Nigeria has been forced to revise its budget following the dramatic fall in the price of oil.
Its finance minister, Ngozi Okonjo-Iweala, says its economy will now grow at 5.5% this year, rather than 6.4%.
The new budget is based on an oil price of $65 a barrel, rather than the previous assumption of $77.40, although the revised figure is still higher than the recent level of about $60.
Nigeria’s government receives more than 75% of its revenues from oil exports.
The country is trying to reduce its dependence on oil.
Prices have steadily dropped in recent months and are now about half their previous levels.

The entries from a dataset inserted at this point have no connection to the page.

(* Let $G,H$ be finite groups and $U\leq G\times H$ a subdirect product. Suppose that for each prime divisor $p$ of $|q(U)|$ the Sylow $p$-subgroups of $q(U)$ are cyclic. Then $U$ is extensible.
   Context: For $U\leq G\times H$: $p_1(U)=\{g:\exists h,(g,h)\in U\}$, $p_2(U)=\{h:\exists g,(g,h)\in U\}$, $k_1(U)=\{g:(g,1)\in U\}$; $U$ is a subdirect product if $p_1(U)=G$, $p_2(U)=H$; the Goursat quotient is $q(U)=p_1(U)/k_1(U)$. An abelian group $A$ satisfies the Hypothesis (with set of primes $\pi$) if there is a unique set of primes $\pi$ such that for every $n\in\mathbb{N}$ the $n$-torsion part of $A$ is cyclic of order $n_\pi$ (the $\pi$-part of $n$). $U$ is $A$-extensible if every homomorphism $U\to A$ extends to a homomorphism $G\times H\to A$; $U$ is extensible if it is $A$-extensible for every abelian group $A$ satisfying the Hypothesis. *)

theory Defs
  imports "HOL-Algebra.Algebra" "HOL-Computational_Algebra.Primes"
begin

definition proj1 :: "('a \<times> 'b) set \<Rightarrow> 'a set" where
  "proj1 U = {g. \<exists>h. (g, h) \<in> U}"

definition proj2 :: "('a \<times> 'b) set \<Rightarrow> 'b set" where
  "proj2 U = {h. \<exists>g. (g, h) \<in> U}"

definition ker1 :: "('b, 'm) monoid_scheme \<Rightarrow> ('a \<times> 'b) set \<Rightarrow> 'a set" where
  "ker1 H U = {g. (g, \<one>\<^bsub>H\<^esub>) \<in> U}"

definition subdirect ::
  "('a, 'm) monoid_scheme \<Rightarrow> ('b, 'n) monoid_scheme \<Rightarrow> ('a \<times> 'b) set \<Rightarrow> bool" where
  "subdirect G H U \<longleftrightarrow> subgroup U (G \<times>\<times> H) \<and> proj1 U = carrier G \<and> proj2 U = carrier H"

definition goursat_quot ::
  "('a, 'm) monoid_scheme \<Rightarrow> ('b, 'n) monoid_scheme \<Rightarrow> ('a \<times> 'b) set \<Rightarrow> 'a set monoid" where
  "goursat_quot G H U = (G\<lparr>carrier := proj1 U\<rparr>) Mod (ker1 H U)"

definition sylow_subgroup :: "('a, 'm) monoid_scheme \<Rightarrow> nat \<Rightarrow> 'a set \<Rightarrow> bool" where
  "sylow_subgroup Q p P \<longleftrightarrow> subgroup P Q \<and> card P = p ^ multiplicity p (order Q)"

definition pi_part :: "nat set \<Rightarrow> nat \<Rightarrow> nat" where
  "pi_part \<pi> n = (\<Prod>p \<in> prime_factors n \<inter> \<pi>. p ^ multiplicity p n)"

definition torsion_part :: "('c, 'm) monoid_scheme \<Rightarrow> nat \<Rightarrow> 'c set" where
  "torsion_part A n = {a \<in> carrier A. a [^]\<^bsub>A\<^esub> n = \<one>\<^bsub>A\<^esub>}"

definition hypothesis_with :: "('c, 'm) monoid_scheme \<Rightarrow> nat set \<Rightarrow> bool" where
  "hypothesis_with A \<pi> \<longleftrightarrow> \<pi> \<subseteq> {p. Factorial_Ring.prime p} \<and>
     (\<forall>n::nat. n > 0 \<longrightarrow> cyclic_group (A\<lparr>carrier := torsion_part A n\<rparr>)
                         \<and> card (torsion_part A n) = pi_part \<pi> n)"

definition satisfies_hypothesis :: "('c, 'm) monoid_scheme \<Rightarrow> bool" where
  "satisfies_hypothesis A \<longleftrightarrow> comm_group A \<and> (\<exists>!\<pi>. hypothesis_with A \<pi>)"

definition A_extensible ::
  "('a, 'm) monoid_scheme \<Rightarrow> ('b, 'n) monoid_scheme \<Rightarrow> ('c, 'k) monoid_scheme \<Rightarrow> ('a \<times> 'b) set \<Rightarrow> bool" where
  "A_extensible G H A U \<longleftrightarrow>
     (\<forall>f \<in> hom ((G \<times>\<times> H)\<lparr>carrier := U\<rparr>) A.
        \<exists>\<phi> \<in> hom (G \<times>\<times> H) A. \<forall>u \<in> U. \<phi> u = f u)"

end

(* An abelian group A satisfying the Hypothesis is divisible on its torsion:
   x \<mapsto> x^n maps the nN-torsion onto the N-torsion, because its kernel is the n-torsion
   and the orders are multiplicative.  Given f : U \<rightarrow> A, its restriction l to K = k1(U) is a
   homomorphism invariant under conjugation by G, and f extends to G \<times> H as soon as l extends
   to G.  The integers e for which l^e extends to G form an ideal of \<int>.  By the transfer, it
   contains the index [G:P] of every subgroup K \<le> P \<le> G to which l extends, in particular
   [G:K].  For a prime q dividing [G:K], let P/K be a Sylow q-subgroup of G/K.  It is cyclic,
   generated by gK say, and l extends to P by sending g to an n-th root of l(g^n), where n is
   the order of gK.  Since q does not divide [G:P], the ideal is all of \<int>. *)

theory Submission
  imports Defs
begin

section \<open>Torsion-divisible abelian groups\<close>

lemma pi_part_pos: "pi_part \<pi> n > 0"
  unfolding pi_part_def by (intro prod_pos) (auto intro: prime_gt_0_nat)

lemma pi_part_mult:
  assumes "m > 0" "n > 0"
  shows "pi_part \<pi> (m * n) = pi_part \<pi> m * pi_part \<pi> n"
proof -
  define F where "F = prime_factors (m * n) \<inter> \<pi>"
  have restrict: "pi_part \<pi> k = (\<Prod>p\<in>F. p ^ multiplicity p k)" if "k = m \<or> k = n" for k
    unfolding pi_part_def
  proof (rule prod.mono_neutral_left)
    show "prime_factors k \<inter> \<pi> \<subseteq> F"
      using that assms by (auto simp: F_def prime_factors_product)
    show "\<forall>p\<in>F - prime_factors k \<inter> \<pi>. p ^ multiplicity p k = 1"
      using that assms by (auto simp: F_def in_prime_factors_iff prime_multiplicity_gt_zero_iff)
  qed (simp add: F_def)
  have "pi_part \<pi> (m * n) = (\<Prod>p\<in>F. p ^ multiplicity p m * p ^ multiplicity p n)"
    unfolding pi_part_def F_def[symmetric] using assms
    by (intro prod.cong)
      (auto simp: F_def in_prime_factors_iff prime_elem_multiplicity_mult_distrib power_add)
  also have "\<dots> = pi_part \<pi> m * pi_part \<pi> n"
    by (simp add: prod.distrib restrict)
  finally show ?thesis .
qed

lemma (in group_hom) card_image_mult_card_kernel:
  "card (h ` carrier G) * card (kernel G H h) = order G"
proof -
  have "subgroup (h ` carrier G) H"
    by (rule img_is_subgroup)
  then interpret img: group_hom G "H\<lparr>carrier := h ` carrier G\<rparr>" h
    using H.subgroup_imp_group homh by (auto simp: group_hom_def group_hom_axioms_def hom_def)
  have "G Mod kernel G H h \<cong> H\<lparr>carrier := h ` carrier G\<rparr>"
    using img.FactGroup_iso by (simp add: kernel_def)
  then have "card (rcosets kernel G H h) = card (h ` carrier G)"
    by (auto dest: iso_same_card simp: FactGroup_def)
  then show ?thesis
    using G.lagrange[OF subgroup_kernel] by simp
qed

lemma (in comm_group) subgroup_torsion_part: "subgroup (torsion_part G n) G"
  by (rule subgroupI) (auto simp: torsion_part_def nat_pow_distrib nat_pow_inv)

definition torsion_divisible :: "('c, 'm) monoid_scheme \<Rightarrow> bool" where
  "torsion_divisible A \<longleftrightarrow> (\<forall>b\<in>carrier A. \<forall>N::nat. N > 0 \<longrightarrow> b [^]\<^bsub>A\<^esub> N = \<one>\<^bsub>A\<^esub> \<longrightarrow>
      (\<forall>n::nat. n > 0 \<longrightarrow> (\<exists>a\<in>carrier A. a [^]\<^bsub>A\<^esub> n = b)))"

lemma torsion_divisibleD:
  fixes N n :: nat
  assumes "torsion_divisible A" "b \<in> carrier A" "N > 0" "b [^]\<^bsub>A\<^esub> N = \<one>\<^bsub>A\<^esub>" "n > 0"
  shows "\<exists>a\<in>carrier A. a [^]\<^bsub>A\<^esub> n = b"
  using assms unfolding torsion_divisible_def by blast

lemma (in comm_group) torsion_divisible_if_hypothesis_with:
  assumes hyp: "hypothesis_with G \<pi>"
  shows "torsion_divisible G"
  unfolding torsion_divisible_def
proof (intro ballI allI impI)
  fix b and N n :: nat
  assume b: "b \<in> carrier G" "N > 0" "b [^] N = \<one>" and n: "n > 0"
  have card_torsion: "card (torsion_part G k) = pi_part \<pi> k" if "k > 0" for k
    using hyp that by (simp add: hypothesis_with_def)
  define T where "T = torsion_part G (n * N)"
  have sub_T: "subgroup T G"
    unfolding T_def by (rule subgroup_torsion_part)
  interpret T: group "G\<lparr>carrier := T\<rparr>"
    by (rule subgroup_imp_group[OF sub_T])
  interpret pow: group_hom "G\<lparr>carrier := T\<rparr>" G "\<lambda>x. x [^] n"
    using T.is_group is_group
    by (auto simp: group_hom_def group_hom_axioms_def hom_def nat_pow_distrib subgroup.mem_carrier[OF sub_T])
  have "kernel (G\<lparr>carrier := T\<rparr>) G (\<lambda>x. x [^] n) = torsion_part G n"
    by (auto simp: kernel_def T_def torsion_part_def nat_pow_pow[symmetric])
  with pow.card_image_mult_card_kernel
  have "card ((\<lambda>x. x [^] n) ` T) * pi_part \<pi> n = pi_part \<pi> n * pi_part \<pi> N"
    using b n by (simp add: order_def T_def card_torsion pi_part_mult)
  then have "card ((\<lambda>x. x [^] n) ` T) = card (torsion_part G N)"
    using pi_part_pos[of \<pi> n] b card_torsion by simp
  moreover have "(\<lambda>x. x [^] n) ` T \<subseteq> torsion_part G N"
    by (auto simp: T_def torsion_part_def nat_pow_pow mult.commute)
  moreover have "finite (torsion_part G N)"
    using card_torsion[OF b(2)] pi_part_pos by (metis card.infinite less_not_refl)
  ultimately have "(\<lambda>x. x [^] n) ` T = torsion_part G N"
    by (intro card_subset_eq) auto
  moreover have "b \<in> torsion_part G N"
    using b by (simp add: torsion_part_def)
  ultimately show "\<exists>a\<in>carrier G. a [^] n = b"
    using subgroup.mem_carrier[OF sub_T] by (metis imageE)
qed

Falling demand on the back of slackening economic growth and an increase in alternative energy supplies, such as shale gas, have led to a mismatch between supply and demand.
Dr Okonjo-Iweala urged Nigerians “to begin thinking of the country [as] a non-oil country”.
Nigeria has taken some key steps already in response to the falling oil price, which is at its lowest level since July 2009.
It has devalued the naira and has applied higher taxes on luxury items.
Dr Okonjo-Iweala said: “This budget is based on a few key indicators, $65 a barrel benchmark and we are going to stick to it for now, in spite of the decline in prices, because we feel the average price next year will be around $65 to $70.
“The production level is 2.27 million barrels per day. We’ve revised the growth rate based on the new parameters for the country, down from 6.35% to 5.5% next year. But that is still one of the fastest growth rates we’re experiencing in the world today.”
Nigeria’s currency, the naira, lost 3.5% on the day, hitting a record low of 187.10 to the dollar.